Wird ein Ausstandsgrund nicht von Amtes wegen beachtet, so hat die Partei, die ihn kennt, unverzüglich ein Ausstandsbegehren zu stellen, das zu begründen ist.

Bestehen Zweifel über die Ausstandspflicht oder wird von einer Partei ein Ablehnungsgrund oder von einem Beamten Befangenheit geltend gemacht, entscheiden über den Austritt

  1. eines Untersuchungsrichters oder eines Staatsanwaltes: der Präsident der Beschwerdekammer des Obergerichtes,

  2. eines Bezirksgerichtspräsidenten: eine Kommission des Obergerichtes,

  3. von Bezirksrichtern oder Oberrichtern: das Gericht, die Abteilung, Kammer oder Kommission selbst, wenn nicht die Mehrzahl der Richter davon betroffen ist, andernfalls eine Kommission des Obergerichtes,

  4. 3bis. aller oder so vieler Oberrichter, dass keine gültige Verhandlung mehr stattfinden kann: so viele ausserordentliche Ersatzrichter, als zur Beurteilung der Ausstandsfrage und nötigenfalls der Hauptsache selbst erforderlich sind; der Obergerichtspräsident bezeichnet diese Ersatzrichter durch Los aus der Zahl der Gerichtspräsidenten der in der Sache nicht beteiligten Bezirke,

  5. eines Gerichtsschreibers: das urteilende Gericht.

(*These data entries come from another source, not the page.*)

lemma row_exists: "\<exists>v. (\<forall>j\<le>J. 0 \<le> v j) \<and> (\<forall>j\<le>J. row_op a k J g v j = b j)"
proof -
  define v where "v j = Sup (range (\<lambda>n. jacobi_iter n j))" for j
  have lim: "(\<lambda>n. jacobi_iter n j) \<longlonglongrightarrow> v j" if j: "j \<le> J" for j
    unfolding v_def
  proof (rule LIMSEQ_incseq_SUP)
    show "bdd_above (range (\<lambda>n. jacobi_iter n j))"
      using jacobi_iter_bounded j by (intro bdd_aboveI2[where M=jacobi_bound]) auto
    show "incseq (\<lambda>n. jacobi_iter n j)" using jacobi_iter_incr j by (intro incseq_SucI) auto
  qed
  have v_nonneg: "0 \<le> v j" if j: "j \<le> J" for j
    using lim[OF j] jacobi_iter_bounded j by (intro LIMSEQ_le_const) auto
  have "row_op a k J g v j = b j" if j: "j \<le> J" for j
  proof -
    have step: "(a + 2 * k + g j (jacobi_iter (Suc n) j)) * jacobi_iter (Suc n) j = jacobi_rhs (jacobi_iter n) j" for n
      using jacobi_step_spec[of "jacobi_iter n" j] jacobi_iter_bounded[of n] j by (simp add: jacobi_iter_def)
    have lim_Suc: "(\<lambda>n. jacobi_iter (Suc n) j) \<longlonglongrightarrow> v j" using lim[OF j] by (rule LIMSEQ_Suc)
    have "(\<lambda>n. g j (jacobi_iter (Suc n) j)) \<longlonglongrightarrow> g j (v j)"
      using g_cont j by (intro isCont_tendsto_compose[OF _ lim_Suc]) auto
    then have lhs: "(\<lambda>n. (a + 2 * k + g j (jacobi_iter (Suc n) j)) * jacobi_iter (Suc n) j)
        \<longlonglongrightarrow> (a + 2 * k + g j (v j)) * v j"
      using lim_Suc by (intro tendsto_mult tendsto_add tendsto_const)
    have "min (j+1) J \<le> J" "j - 1 \<le> J" using j by auto
    then have "(\<lambda>n. jacobi_rhs (jacobi_iter n) j) \<longlonglongrightarrow> jacobi_rhs v j"
      unfolding jacobi_rhs_def by (intro tendsto_mult tendsto_add tendsto_const lim)
    then have "(a + 2 * k + g j (v j)) * v j = jacobi_rhs v j"
      using LIMSEQ_unique[OF lhs] step by simp
    then show ?thesis unfolding row_op_def jacobi_rhs_def by (simp add: algebra_simps)
  qed
  then show ?thesis using v_nonneg by blast
qed

end

lemma build_rows_forward:
  fixes P :: "nat \<Rightarrow> (nat \<Rightarrow> real) \<Rightarrow> (nat \<Rightarrow> real) \<Rightarrow> bool"
  assumes r0: "\<forall>j\<le>J. 0 \<le> r0 j" "\<forall>j>J. r0 j = 0"
    and step: "\<And>i r. i < I \<Longrightarrow> \<forall>j\<le>J. 0 \<le> r j \<Longrightarrow> \<exists>v. (\<forall>j\<le>J. 0 \<le> v j) \<and> (\<forall>j>J. v j = 0) \<and> P i r v"
  shows "\<exists>M\<in>mats I J. (\<forall>j. M 0 j = r0 j) \<and> (\<forall>i<I. P i (M i) (M (Suc i)))"
proof -
  define admissible where "admissible v \<longleftrightarrow> (\<forall>j\<le>J. 0 \<le> v j) \<and> (\<forall>j>J. v j = (0::real))"
    for v :: "nat \<Rightarrow> real"
  define R where "R = rec_nat r0 (\<lambda>i r. SOME v. admissible v \<and> P i r v)"
  have R_Suc: "R (Suc i) = (SOME v. admissible v \<and> P i (R i) v)" for i by (simp add: R_def)
  have next_row: "admissible (R (Suc i)) \<and> P i (R i) (R (Suc i))"
    if "i < I" "admissible (R i)" for i
  proof -
    have "\<exists>v. admissible v \<and> P i (R i) v" using step[of i "R i"] that unfolding admissible_def by blast
    then show ?thesis unfolding R_Suc by (rule someI_ex)
  qed
  have admissible_rows: "admissible (R i)" if "i \<le> I" for i
    using that
  proof (induction i)
    case 0
    then show ?case using r0 by (simp add: R_def admissible_def)
  next
    case (Suc i)
    then show ?case using next_row by simp
  qed
  define M where "M i = (if i \<le> I then R i else (\<lambda>_. 0))" for i
  have "M \<in> mats I J" using admissible_rows by (auto simp: mats_def M_def admissible_def)
  moreover have "\<forall>j. M 0 j = r0 j" by (simp add: M_def R_def)
  moreover have "\<forall>i<I. P i (M i) (M (Suc i))" using next_row admissible_rows by (simp add: M_def)
  ultimately show ?thesis by blast
qed

lemma build_rows_backward:
  fixes P :: "nat \<Rightarrow> (nat \<Rightarrow> real) \<Rightarrow> (nat \<Rightarrow> real) \<Rightarrow> bool"
  assumes r0: "\<forall>j\<le>J. 0 \<le> r0 j" "\<forall>j>J. r0 j = 0"
    and step: "\<And>i r. i < I \<Longrightarrow> \<forall>j\<le>J. 0 \<le> r j \<Longrightarrow> \<exists>v. (\<forall>j\<le>J. 0 \<le> v j) \<and> (\<forall>j>J. v j = 0) \<and> P i r v"
  shows "\<exists>M\<in>mats I J. (\<forall>j. M I j = r0 j) \<and> (\<forall>i<I. P i (M (Suc i)) (M i))"
proof -
  have "\<exists>N\<in>mats I J. (\<forall>j. N 0 j = r0 j) \<and> (\<forall>i<I. P (I - Suc i) (N i) (N (Suc i)))"
  proof (rule build_rows_forward[OF r0])
    fix i and r :: "nat \<Rightarrow> real" assume "i < I" "\<forall>j\<le>J. 0 \<le> r j"
    then show "\<exists>v. (\<forall>j\<le>J. 0 \<le> v j) \<and> (\<forall>j>J. v j = 0) \<and> P (I - Suc i) r v"
      by (intro step) auto
  qed
  then obtain N where N: "N \<in> mats I J" "\<forall>j. N 0 j = r0 j" "\<forall>i<I. P (I - Suc i) (N i) (N (Suc i))"
    by blast
  define M where "M i = (if i \<le> I then N (I - i) else (\<lambda>_. 0))" for i
  have "M \<in> mats I J" using N(1) by (auto simp: mats_def M_def)
  moreover have "\<forall>j. M I j = r0 j" using N(2) by (simp add: M_def)
  moreover have "P i (M (Suc i)) (M i)" if i: "i < I" for i
  proof -
    have index: "I - Suc (I - Suc i) = i" "Suc (I - Suc i) = I - i" "I - (I - i) = i" using i by auto
    have "I - Suc i < I" using i by simp
    with N(3) have "P (I - Suc (I - Suc i)) (N (I - Suc i)) (N (Suc (I - Suc i)))" by blast
    moreover have "M (Suc i) = N (I - Suc i)" "M i = N (I - i)" using i by (auto simp: M_def)
    ultimately show ?thesis by (simp only: index)
  qed
  ultimately show ?thesis by blast
qed

definition reaction ::
  "real \<Rightarrow> nat \<Rightarrow> (real \<Rightarrow> real \<Rightarrow> real) \<Rightarrow> (nat \<Rightarrow> real) \<Rightarrow> nat \<Rightarrow> real \<Rightarrow> real" where
  "reaction \<sigma> J f p j x = - (1 / \<sigma>\<^sup>2) * f (xg J j) (x * p j)"

text \<open>Multiplying by 1/dt turns one scheme equation into one row equation.\<close>
lemma backward_scheme_as_row:
  fixes dt a h s A B X G :: real
  assumes "dt \<noteq> 0" "a = 1 / dt"
  shows "((A - B) / dt + s * X / h = G * B) \<longleftrightarrow> ((a + G) * B - s / h * X = a * A)"
proof -
  have diff: "(a + G) * B - s / h * X - a * A = -((A - B) / dt + s * X / h - G * B)"
    unfolding assms(2) by (simp add: algebra_simps diff_divide_distrib)
  have "((A - B) / dt + s * X / h = G * B) \<longleftrightarrow> ((A - B) / dt + s * X / h - G * B = 0)"
    and "((a + G) * B - s / h * X = a * A) \<longleftrightarrow> ((a + G) * B - s / h * X - a * A = 0)" by simp_all
  then show ?thesis unfolding diff neg_equal_0_iff_equal by simp
qed

lemma forward_scheme_as_row:
  fixes dt a h s A B X G :: real
  assumes "dt \<noteq> 0" "a = 1 / dt"
  shows "((A - B) / dt - s * X / h = G * A) \<longleftrightarrow> ((a + - G) * A - s / h * X = a * B)"
proof -
  have diff: "(a + - G) * A - s / h * X - a * B = (A - B) / dt - s * X / h - G * A"
    unfolding assms(2) by (simp add: algebra_simps diff_divide_distrib)
  have "((A - B) / dt - s * X / h = G * A) \<longleftrightarrow> ((A - B) / dt - s * X / h - G * A = 0)"
    and "((a + - G) * A - s / h * X = a * B) \<longleftrightarrow> ((a + - G) * A - s / h * X - a * B = 0)" by simp_all
  then show ?thesis unfolding diff by simp
qed

lemma phi_eqs_iff:
  assumes T: "T > 0" and I: "I > 0"
  shows "phi_eqs T \<sigma> I J uT f psi phi \<longleftrightarrow>
    (\<forall>i<I. \<forall>j\<le>J. row_op (real I / T) (\<sigma>\<^sup>2 / 2 / (1 / real J)\<^sup>2) J (reaction \<sigma> J f (psi i)) (phi i) j
                  = real I / T * phi (i+1) j)
    \<and> (\<forall>j\<le>J. phi I j = exp (uT (xg J j) / \<sigma>\<^sup>2))"
proof -
  have dt: "T / real I \<noteq> 0" "real I / T = 1 / (T / real I)" using T I by auto
  show ?thesis unfolding phi_eqs_def row_op_def reaction_def lft_def rgt_def
    by (simp only: backward_scheme_as_row[OF dt])
qed

lemma psi_eqs_iff:
  assumes T: "T > 0" and I: "I > 0"
  shows "psi_eqs T \<sigma> I J m0 f phi psi \<longleftrightarrow>
    (\<forall>i<I. \<forall>j\<le>J. row_op (real I / T) (\<sigma>\<^sup>2 / 2 / (1 / real J)\<^sup>2) J (reaction \<sigma> J f (phi (i+1))) (psi (i+1)) j
                  = real I / T * psi i j)
    \<and> (\<forall>j\<le>J. psi 0 j = m0 (xg J j) / phi 0 j)"
proof -
  have dt: "T / real I \<noteq> 0" "real I / T = 1 / (T / real I)" using T I by auto
  show ?thesis unfolding psi_eqs_def row_op_def reaction_def lft_def rgt_def
    by (simp only: forward_scheme_as_row[OF dt] mult.commute[of "psi _ _" "phi _ _"] minus_mult_left)
qed

lemma phi_eqs_limit:
  assumes T: "T > 0" and I: "I > 0" and J: "J > 0"
    and f_cont: "\<And>j y. j \<le> J \<Longrightarrow> isCont (f (xg J j)) y"
    and eqs: "\<And>n. phi_eqs T \<sigma> I J uT f (psiN n) (phiN n)"
    and lim_phi: "\<And>i j. i \<le> I \<Longrightarrow> j \<le> J \<Longrightarrow> (\<lambda>n. phiN n i j) \<longlonglongrightarrow> phi i j"
    and lim_psi: "\<And>i j. i \<le> I \<Longrightarrow> j \<le> J \<Longrightarrow> (\<lambda>n. psiN n i j) \<longlonglongrightarrow> psi i j"
  shows "phi_eqs T \<sigma> I J uT f psi phi"
  unfolding phi_eqs_def
proof (intro conjI allI impI)
  fix i j assume i: "i < I" and j: "j \<le> J"
  have ij: "i \<le> I" "i + 1 \<le> I" "min (j + 1) J \<le> J" "j - 1 \<le> J" using i j by auto
  let ?lhs = "\<lambda>\<phi>. (\<phi> (i+1) j - \<phi> i j) / (T / real I)
      + \<sigma>\<^sup>2 / 2 * (rgt J \<phi> i j - 2 * \<phi> i j + lft \<phi> i j) / (1 / real J)\<^sup>2"
  let ?rhs = "\<lambda>\<phi> \<psi>. - (1 / \<sigma>\<^sup>2) * f (xg J j) (\<phi> i j * \<psi> i j) * \<phi> i j"
  have lhs: "(\<lambda>n. ?lhs (phiN n)) \<longlonglongrightarrow> ?lhs phi"
    unfolding rgt_def lft_def using T I J
    by (intro tendsto_add tendsto_diff tendsto_divide tendsto_mult tendsto_const lim_phi ij j) auto
  have f_lim: "(\<lambda>n. f (xg J j) (phiN n i j * psiN n i j)) \<longlonglongrightarrow> f (xg J j) (phi i j * psi i j)"
    by (rule isCont_tendsto_compose[OF f_cont[OF j]]) (intro tendsto_mult lim_phi lim_psi ij j)
  have "?lhs (phiN n) = ?rhs (phiN n) (psiN n)" for n
    using eqs[of n] i j unfolding phi_eqs_def by blast
  moreover have "(\<lambda>n. ?rhs (phiN n) (psiN n)) \<longlonglongrightarrow> ?rhs phi psi"
    by (intro tendsto_mult tendsto_const f_lim lim_phi ij j)
  ultimately have "(\<lambda>n. ?lhs (phiN n)) \<longlonglongrightarrow> ?rhs phi psi" by simp
  then show "?lhs phi = ?rhs phi psi" by (rule LIMSEQ_unique[OF lhs])
next
  fix j assume j: "j \<le> J"
  have "phiN n I j = exp (uT (xg J j) / \<sigma>\<^sup>2)" for n using eqs[of n] j unfolding phi_eqs_def by blast
  then show "phi I j = exp (uT (xg J j) / \<sigma>\<^sup>2)"
    using LIMSEQ_unique[OF lim_phi[OF order_refl j]] by simp
qed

Über den Ausstand wird unter Austritt der betroffenen Richter unter Zuziehung von Ersatzrichtern entschieden.

Die über den Austritt entscheidende Behörde bestimmt nötigenfalls zugleich den Stellvertreter.

Bis zum Entscheid über das Vorliegen eines Ausstands- oder Ablehnungsgrundes sind die unumgänglich notwendigen Massnahmen vom ordentlicherweise zuständigen Beamten vorzukehren.

Art. 44 4. Folgen der Nichtbeachtung
a) Eines Ausstandsgrundes

Wirkt in einem Strafverfahren ein Untersuchungsrichter, Staatsanwalt, Richter oder Protokollführer mit, der selbst oder dessen Verlobter, Ehegatte, eingetragener Partner, Verwandter oder Verschwägerter in gerader Linie Beschuldigter, Verletzter oder Geschädigter oder Partei im Privatstrafverfahren ist, so wird das Verfahren ungültig und das Urteil nichtig.

Wirkt einer der genannten Beamten in einem Strafverfahren mit, obwohl ein anderer Ausstandsgrund gegen ihn vorliegt, so sind die Untersuchungshandlungen und Verfügungen dieses Beamten und Beschlüsse, bei denen er mitgewirkt hat, mit Beschwerde und Urteile, bei denen er mitgewirkt hat, mit Berufung anfechtbar. Durch Nichtanfechtung trotz Kenntnis des Ausstandsgrundes seitens der Parteien wird der Mangel geheilt.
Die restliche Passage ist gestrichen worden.